Папа всегда говорил о времени, проведенном в лагере Каттерик в сороковых годах, как о «службе в Вооруженных силах», как будто побывал в авиации, на флоте и в десанте разом.
– Выпороть бы их, вот что я скажу. Надавать по задницам таких горячих, чтобы навек запомнили. – Он помолчал, прихлебывая чай. – Разве «кошка»[17] – это так плохо?
Алан подумал, что если бы кто-нибудь вошел в комнату на этих словах, то подумал бы, что семейство обсуждает, не завести ли им домашнего любимца.
Алан снова вышел в сад.
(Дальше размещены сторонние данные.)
(* Let $g(x)=\sum_{k=0}^\infty a_k x^k$ be a real power series convergent for $x\in(-\varrho,\varrho)$, some $\varrho\in(0,\infty)$, and put $G(y)=g(1/y)$. Then for every real $y>1+\max\{1,1/\varrho\}$, $$(y+1)G(y)-yG(y-1)=a_0-\sum_{k=2}^\infty \frac{\sum_{i=1}^{k-1}\binom{k}{i-1}a_i+\bigl(\binom{k}{k-1}-1\bigr)a_k}{y^k},$$ the series being convergent. Consequently $\lim_{y\to\infty}\bigl((y+1)G(y)-yG(y-1)\bigr)=a_0$. In particular, $\lim_{y\to\infty}\Bigl(\frac{(y+1)^{y+1}}{y^y}-\frac{y^y}{(y-1)^{y-1}}\Bigr)=\mathrm{e}$.
   Context: $\mathrm{e}$ is the base of the natural logarithm; the special case corresponds to $g(x)=(1+x)^{1/x}$ (with value $\mathrm{e}$ at $0$), whose Maclaurin series converges on $(-1,1)$ and has constant term $\mathrm{e}$, so that $G(y)=(1+1/y)^y$. *)

theory Defs
  imports "HOL-Analysis.Analysis"
begin

definition pser :: "(nat \<Rightarrow> real) \<Rightarrow> real \<Rightarrow> real" where
  "pser a x = (\<Sum>k. a k * x ^ k)"

definition Gfun :: "(nat \<Rightarrow> real) \<Rightarrow> real \<Rightarrow> real" where
  "Gfun a y = pser a (1 / y)"

definition coefc :: "(nat \<Rightarrow> real) \<Rightarrow> nat \<Rightarrow> real" where
  "coefc a k = (\<Sum>i=1..k-1. real (k choose (i - 1)) * a i) + (real (k choose (k - 1)) - 1) * a k"

end

theory Submission
  imports Defs "HOL-Real_Asymp.Real_Asymp"
begin

text \<open>With \<open>x = 1/y\<close> one has \<open>1/(y-1) = x/(1-x)\<close>, so \<open>G(y-1) = g(x/(1-x))\<close>. Expanding each
\<open>(x/(1-x))^(k+1)\<close> as a negative binomial series and summing the resulting absolutely convergent
double series along diagonals gives Euler's transform
\<open>g(x/(1-x)) = a\<^sub>0 + \<Sum>\<^sub>n (\<Sum>\<^sub>k<n (n-1 choose k) a\<^sub>k\<^sub>+\<^sub>1) x\<^sup>n\<close>. Comparing coefficients of
\<open>(y+1) g(x) - y g(x/(1-x))\<close> then yields the identity, whose right-hand side is \<open>a\<^sub>0\<close> minus \<open>x\<^sup>2\<close>
times a power series in \<open>x\<close>; continuity of that power series at \<open>0\<close> gives the limit.\<close>

lemma sums_binomial_neg_power:
  fixes x :: real
  assumes "\<bar>x\<bar> < 1"
  shows "(\<lambda>j. real ((k + j) choose k) * x ^ j) sums ((1 / (1 - x)) ^ Suc k)"
proof -
  have "(\<lambda>n. ((- (real k + 1)) gchoose n) * (- x) ^ n) sums (1 + - x) powr (- (real k + 1))"
    by (rule gen_binomial_real) (use assms in auto)
  moreover have "((- (real k + 1)) gchoose n) * (- x) ^ n = real ((k + n) choose k) * x ^ n" for n
  proof -
    have "((- (real k + 1)) gchoose n) = (-1) ^ n * (of_nat (k + n) gchoose n)"
      by (subst gbinomial_minus) (simp add: algebra_simps)
    also have "\<dots> = (-1) ^ n * real ((k + n) choose k)"
      by (metis binomial_gbinomial binomial_symmetric le_add2 add_diff_cancel_right')
    finally have "((- (real k + 1)) gchoose n) * (- x) ^ n
        = ((-1) ^ n * (-1) ^ n) * (real ((k + n) choose k) * x ^ n)"
      by (simp only: power_minus[of x] mult_ac)
    then show ?thesis
      by (simp flip: power_mult_distrib)
  qed
  moreover have "(1 + - x) powr (- (real k + 1)) = (1 / (1 - x)) ^ Suc k"
  proof -
    have "(1 - x) powr (- (real k + 1)) = inverse ((1 - x) powr real (Suc k))"
      by (subst powr_minus[symmetric]) (simp add: algebra_simps)
    also have "\<dots> = inverse ((1 - x) ^ Suc k)"
      using assms by (subst powr_realpow) auto
    also have "\<dots> = (1 / (1 - x)) ^ Suc k"
      by (simp only: power_one_over inverse_eq_divide)
    finally show ?thesis by simp
  qed
  ultimately show ?thesis by simp
qed

lemma has_sum_binomial_row:
  fixes x c :: real
  assumes "0 \<le> x" "x < 1"
  shows "((\<lambda>j. c * (real ((k + j) choose k) * x ^ (Suc k + j))) has_sum c * (x / (1 - x)) ^ Suc k) UNIV"
proof -
  have "((\<lambda>j. real ((k + j) choose k) * x ^ j) has_sum (1 / (1 - x)) ^ Suc k) UNIV"
    by (rule sums_nonneg_imp_has_sum[OF sums_binomial_neg_power]) (use assms in auto)
  then have "((\<lambda>j. (c * x ^ Suc k) * (real ((k + j) choose k) * x ^ j)) has_sum
               (c * x ^ Suc k) * (1 / (1 - x)) ^ Suc k) UNIV"
    by (rule has_sum_cmult_right)
  then show ?thesis
    by (simp add: power_add power_divide mult_ac)
qed

definition euler_coeff :: "(nat \<Rightarrow> real) \<Rightarrow> nat \<Rightarrow> real" where
  "euler_coeff a n = (\<Sum>k<n. real ((n - 1) choose k) * a (Suc k))"

lemma sums_euler_transform:
  fixes a :: "nat \<Rightarrow> real" and x :: real
  assumes x: "0 \<le> x" "x < 1"
    and abs_summable: "summable (\<lambda>k. \<bar>a k\<bar> * (x / (1 - x)) ^ k)"
  shows "(\<lambda>n. euler_coeff a n * x ^ n) sums ((\<Sum>k. a k * (x / (1 - x)) ^ k) - a 0)"
proof -
  define t where "t = x / (1 - x)"
  have t: "t \<ge> 0" using x by (simp add: t_def)
  define F where "F = (\<lambda>(k, j). a (Suc k) * (real ((k + j) choose k) * x ^ (Suc k + j)))"
  have rows: "((\<lambda>j. F (k, j)) has_sum a (Suc k) * t ^ Suc k) UNIV" for k
    unfolding F_def t_def using has_sum_binomial_row[OF x] by simp
  have abs_rows: "((\<lambda>j. norm (F (k, j))) has_sum \<bar>a (Suc k)\<bar> * t ^ Suc k) UNIV" for k
    using has_sum_binomial_row[OF x, of "\<bar>a (Suc k)\<bar>" k] x
    by (simp add: F_def t_def abs_mult)
  have "summable (\<lambda>k. \<bar>a (Suc k)\<bar> * t ^ Suc k)"
    using abs_summable by (subst summable_Suc_iff) (simp add: t_def)
  then have "(\<lambda>k. \<bar>a (Suc k)\<bar> * t ^ Suc k) summable_on UNIV"
    by (rule summable_nonneg_imp_summable_on) (use t in auto)
  moreover have "infsum (\<lambda>j. norm (F (k, j))) UNIV = \<bar>a (Suc k)\<bar> * t ^ Suc k" for k
    using abs_rows by (rule infsumI)
  ultimately have "(\<lambda>p. norm (F p)) summable_on UNIV \<times> UNIV"
    using abs_rows t
    by (intro Infinite_Sum.abs_summable_on_Sigma_iff[THEN iffD2] conjI ballI)
       (auto simp: summable_on_def abs_mult)
  then obtain S where S: "(F has_sum S) (UNIV \<times> UNIV)"
    using abs_summable_summable summable_on_def by blast
  have "((\<lambda>k. a (Suc k) * t ^ Suc k) has_sum S) UNIV"
    by (rule has_sum_Sigma'[OF S rows])
  moreover have "((\<lambda>k. a (Suc k) * t ^ Suc k) has_sum ((\<Sum>k. a k * t ^ k) - a 0)) UNIV"
  proof (rule norm_summable_imp_has_sum)
    show "summable (\<lambda>k. norm (a (Suc k) * t ^ Suc k))"
      using abs_summable t by (subst summable_Suc_iff) (simp add: t_def abs_mult)
    then have "summable (\<lambda>k. a k * t ^ k)"
      by (subst (asm) summable_Suc_iff) (rule summable_norm_cancel)
    then show "(\<lambda>k. a (Suc k) * t ^ Suc k) sums ((\<Sum>k. a k * t ^ k) - a 0)"
      by (subst sums_Suc_iff) (simp add: summable_sums)
  qed
  ultimately have S_eq: "S = (\<Sum>k. a k * t ^ k) - a 0"
    by (rule has_sum_unique)
  text \<open>Summing along the diagonals \<open>n = k + j + 1\<close> collects the coefficient of \<open>x\<^sup>n\<close>.\<close>
  define F' where "F' = (\<lambda>(n, k). a (Suc k) * real ((n - 1) choose k) * x ^ n)"
  have "(F has_sum S) (UNIV \<times> UNIV) = (F' has_sum S) (SIGMA n:UNIV. {..<n})"
    by (rule has_sum_reindex_bij_witness[where i = "\<lambda>(n, k). (k, n - 1 - k)"
          and j = "\<lambda>(k, j). (k + j + 1, k)"]) (auto simp: F_def F'_def)
  with S have "(F' has_sum S) (SIGMA n:UNIV. {..<n})" by simp
  moreover have "((\<lambda>k. F' (n, k)) has_sum euler_coeff a n * x ^ n) {..<n}" for n
    by (rule has_sum_finiteI) (auto simp: F'_def euler_coeff_def sum_distrib_left mult_ac)
  ultimately have "((\<lambda>n. euler_coeff a n * x ^ n) has_sum S) UNIV"
    by (rule has_sum_Sigma')
  then show ?thesis
    unfolding S_eq t_def by (rule has_sum_imp_sums)
qed

lemma coefc_eq_euler_coeff:
  assumes "n \<ge> 1"
  shows "coefc a n = euler_coeff a (Suc n) - a (Suc n) - a n"
proof -
  obtain m where m: "n = Suc m" using assms by (cases n) auto
  have "(\<Sum>i=1..m. real (Suc m choose (i - 1)) * a i) = (\<Sum>k<m. real (Suc m choose k) * a (Suc k))"
    by (simp add: sum.atLeast1_atMost_eq)
  moreover have "euler_coeff a (Suc (Suc m)) = (\<Sum>k<m. real (Suc m choose k) * a (Suc k))
      + real (Suc m choose m) * a (Suc m) + a (Suc (Suc m))"
    by (simp add: euler_coeff_def)
  ultimately show ?thesis by (simp add: m coefc_def algebra_simps)
qed

lemma summable_abs_powser_inside:
  fixes a :: "nat \<Rightarrow> real"
  assumes "\<And>x. \<bar>x\<bar> < \<rho> \<Longrightarrow> summable (\<lambda>k. a k * x ^ k)" and "\<bar>t\<bar> < \<rho>"
  shows "summable (\<lambda>k. \<bar>a k\<bar> * \<bar>t\<bar> ^ k)"
proof -
  have "summable (\<lambda>k. a k * ((\<bar>t\<bar> + \<rho>) / 2) ^ k)"
    using assms by (intro assms(1)) auto
  then have "summable (\<lambda>k. norm (a k * t ^ k))"
    by (rule powser_insidea) (use assms(2) in auto)
  then show ?thesis by (simp add: abs_mult power_abs)
qed

lemma sums_coefc_Gfun:
  fixes a :: "nat \<Rightarrow> real" and y :: real
  assumes y: "y > 2" and abs_summable: "summable (\<lambda>k. \<bar>a k\<bar> * (1 / (y - 1)) ^ k)"
  shows "(\<lambda>m. coefc a (m + 2) / y ^ (m + 2)) sums (a 0 - ((y + 1) * Gfun a y - y * Gfun a (y - 1)))"
proof -
  define x where "x = 1 / y"
  have x: "0 \<le> x" "x < 1" "x \<le> 1 / (y - 1)" and yx: "y * x = 1"
    using y by (auto simp: x_def field_simps)
  have "x / (1 - x) = 1 / (y - 1)" using y by (simp add: x_def field_simps)
  then have "(\<lambda>n. euler_coeff a n * x ^ n) sums (Gfun a (y - 1) - a 0)"
    using sums_euler_transform[OF x(1,2)] abs_summable by (simp add: Gfun_def pser_def)
  then have euler: "(\<lambda>n. euler_coeff a (Suc n) * x ^ Suc n) sums (Gfun a (y - 1) - a 0)"
    by (subst sums_Suc_iff) (simp add: euler_coeff_def)
  have "summable (\<lambda>k. a k * x ^ k)"
  proof (rule summable_comparison_test[OF _ abs_summable])
    show "\<exists>N. \<forall>k\<ge>N. norm (a k * x ^ k) \<le> \<bar>a k\<bar> * (1 / (y - 1)) ^ k"
      using x by (auto simp: abs_mult intro!: mult_left_mono power_mono)
  qed
  then have g: "(\<lambda>k. a k * x ^ k) sums Gfun a y"
    by (simp add: Gfun_def pser_def x_def summable_sums)
  then have g_Suc: "(\<lambda>k. a (Suc k) * x ^ Suc k) sums (Gfun a y - a 0)"
    by (subst sums_Suc_iff) simp
  define u where "u n = y * (euler_coeff a (Suc n) * x ^ Suc n) - y * (a (Suc n) * x ^ Suc n) - a n * x ^ n" for n
  have "u sums (y * (Gfun a (y - 1) - a 0) - y * (Gfun a y - a 0) - Gfun a y)"
    unfolding u_def by (intro sums_diff sums_mult euler g g_Suc)
  then have "(\<lambda>m. u (m + 2)) sums (y * (Gfun a (y - 1) - a 0) - y * (Gfun a y - a 0) - Gfun a y - (\<Sum>i<2. u i))"
    by (rule sums_split_initial_segment)
  moreover have "(\<Sum>i<2. u i) = - a 0"
    using yx by (simp add: u_def euler_coeff_def eval_nat_numeral algebra_simps power2_eq_square)
  moreover have "u (m + 2) = coefc a (m + 2) / y ^ (m + 2)" for m
  proof -
    have "u (m + 2) = (euler_coeff a (Suc (m + 2)) - a (Suc (m + 2))) * (y * x ^ Suc (m + 2))
        - a (m + 2) * x ^ (m + 2)"
      by (simp add: u_def algebra_simps)
    also have "y * x ^ Suc (m + 2) = x ^ (m + 2)"
      using yx by (simp add: mult.assoc[symmetric])
    also have "(euler_coeff a (Suc (m + 2)) - a (Suc (m + 2))) * x ^ (m + 2) - a (m + 2) * x ^ (m + 2)
        = coefc a (m + 2) * x ^ (m + 2)"
      by (simp add: coefc_eq_euler_coeff algebra_simps)
    finally show ?thesis
      by (simp add: x_def power_one_over)
  qed
  ultimately show ?thesis by (simp add: algebra_simps)
qed

lemma tendsto_at_top_if_sums_inverse_powers:
  fixes f :: "real \<Rightarrow> real" and c :: "nat \<Rightarrow> real"
  assumes sums: "\<And>y. y > y\<^sub>0 \<Longrightarrow> (\<lambda>m. c m / y ^ (m + 2)) sums (L - f y)"
  shows "(f \<longlongrightarrow> L) at_top"
proof -
  define y\<^sub>1 where "y\<^sub>1 = max y\<^sub>0 0 + 1"
  have y\<^sub>1: "y\<^sub>1 > y\<^sub>0" "y\<^sub>1 > 0" by (auto simp: y\<^sub>1_def)
  have powser: "(\<lambda>m. c m * inverse y ^ m) sums (y\<^sup>2 * (L - f y))" if "y > y\<^sub>0" "y > 0" for y
  proof -
    have "(\<lambda>m. y\<^sup>2 * (c m / y ^ (m + 2))) sums (y\<^sup>2 * (L - f y))"
      using sums[OF that(1)] by (rule sums_mult)
    moreover have "y\<^sup>2 * (c m / y ^ (m + 2)) = c m * inverse y ^ m" for m
      using that(2) by (simp add: power_add power_inverse power2_eq_square field_simps)
    ultimately show ?thesis by simp
  qed
  define h where "h x = (\<Sum>m. c m * x ^ m)" for x :: real
  have "isCont h 0"
    unfolding h_def using powser[OF y\<^sub>1] y\<^sub>1(2)
    by (intro isCont_powser[of _ "inverse y\<^sub>1"]) (auto dest: sums_summable)
  then have "((\<lambda>y. h (inverse y)) \<longlongrightarrow> h 0) at_top"
    by (rule isCont_tendsto_compose) (rule tendsto_inverse_0_at_top[OF filterlim_ident])
  then have "((\<lambda>y. L - inverse y ^ 2 * h (inverse y)) \<longlongrightarrow> L - 0 ^ 2 * h 0) at_top"
    by (intro tendsto_intros tendsto_inverse_0_at_top[OF filterlim_ident])
  moreover have "eventually (\<lambda>y. L - inverse y ^ 2 * h (inverse y) = f y) at_top"
    using eventually_gt_at_top[of y\<^sub>1]
  proof eventually_elim
    case (elim y)
    then have "h (inverse y) = y\<^sup>2 * (L - f y)"
      using powser[of y] y\<^sub>1 unfolding h_def by (simp add: sums_iff)
    then show ?case using elim y\<^sub>1 by (simp add: power_inverse field_simps)
  qed
  ultimately show ?thesis by (simp add: tendsto_cong)
qed

lemma tendsto_powr_self_difference:
  "((\<lambda>y::real. (y + 1) powr (y + 1) / y powr y - y powr y / (y - 1) powr (y - 1)) \<longlongrightarrow> exp 1) at_top"
proof -
  have "((\<lambda>y::real. exp ((y + 1) * ln (y + 1) - y * ln y) - exp (y * ln y - (y - 1) * ln (y - 1)))
      \<longlongrightarrow> exp 1) at_top"
    by real_asymp
  moreover have "eventually (\<lambda>y::real. exp ((y + 1) * ln (y + 1) - y * ln y) - exp (y * ln y - (y - 1) * ln (y - 1))
      = (y + 1) powr (y + 1) / y powr y - y powr y / (y - 1) powr (y - 1)) at_top"
    using eventually_gt_at_top[of "1::real"] by eventually_elim (simp add: powr_def exp_diff)
  ultimately show ?thesis by (simp add: tendsto_cong)
qed

theorem mainTheorem4:
  fixes a :: "nat \<Rightarrow> real" and \<rho> :: real
  assumes rho_pos: "\<rho> > 0"
    and conv: "\<And>x. \<bar>x\<bar> < \<rho> \<Longrightarrow> summable (\<lambda>k. a k * x ^ k)"
  shows "(\<forall>y::real. y > 1 + max 1 (1 / \<rho>) \<longrightarrow>
            summable (\<lambda>m. coefc a (m + 2) / y ^ (m + 2)) \<and>
            (y + 1) * Gfun a y - y * Gfun a (y - 1) =
              a 0 - (\<Sum>m. coefc a (m + 2) / y ^ (m + 2)))
       \<and> ((\<lambda>y. (y + 1) * Gfun a y - y * Gfun a (y - 1)) \<longlongrightarrow> a 0) at_top
       \<and> ((\<lambda>y::real. (y + 1) powr (y + 1) / y powr y - y powr y / (y - 1) powr (y - 1))
            \<longlongrightarrow> exp 1) at_top"
proof -
  have identity: "(\<lambda>m. coefc a (m + 2) / y ^ (m + 2)) sums (a 0 - ((y + 1) * Gfun a y - y * Gfun a (y - 1)))"
    if "y > 1 + max 1 (1 / \<rho>)" for y
  proof (rule sums_coefc_Gfun)
    have "y - 1 > 1 / \<rho>" "y - 1 > 0"
      using that by auto
    then have "\<bar>1 / (y - 1)\<bar> < \<rho>"
      using rho_pos by (simp add: field_simps)
    then show "summable (\<lambda>k. \<bar>a k\<bar> * (1 / (y - 1)) ^ k)"
      using summable_abs_powser_inside[where \<rho> = \<rho> and t = "1 / (y - 1)", OF conv]
        \<open>y - 1 > 0\<close> by simp
  qed (use that in simp)
  then have "((\<lambda>y. (y + 1) * Gfun a y - y * Gfun a (y - 1)) \<longlongrightarrow> a 0) at_top"
    by (rule tendsto_at_top_if_sums_inverse_powers)
  with identity tendsto_powr_self_difference show ?thesis
    by (auto simp: sums_iff)
qed

end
Проходя мимо окон комнаты, которую занимал Папа, он отметил, что газовый камин горит на полную мощность. Папа всегда включал камин на весь день и, несомненно, на половину ночи с сентября по май, вне зависимости от того, сидел ли он в своей комнате или уходил из нее. Пэм очень вежливо указывала ему на это, но Папа отвечал только, что у него плохо циркулирует кровь из-за возрастного затвердения артерий. Он никогда не вносил ни пенни в оплату счетов за газ, равно как и за электричество, но Пэм сказала, что нечестно требовать что-либо со старика, который живет только на свою пенсию. Алан осмелился спросить: «А как насчет тех десяти тысяч, что он выручил от продажи своего дома?» Но Пэм ответила, что это деньги на черный день.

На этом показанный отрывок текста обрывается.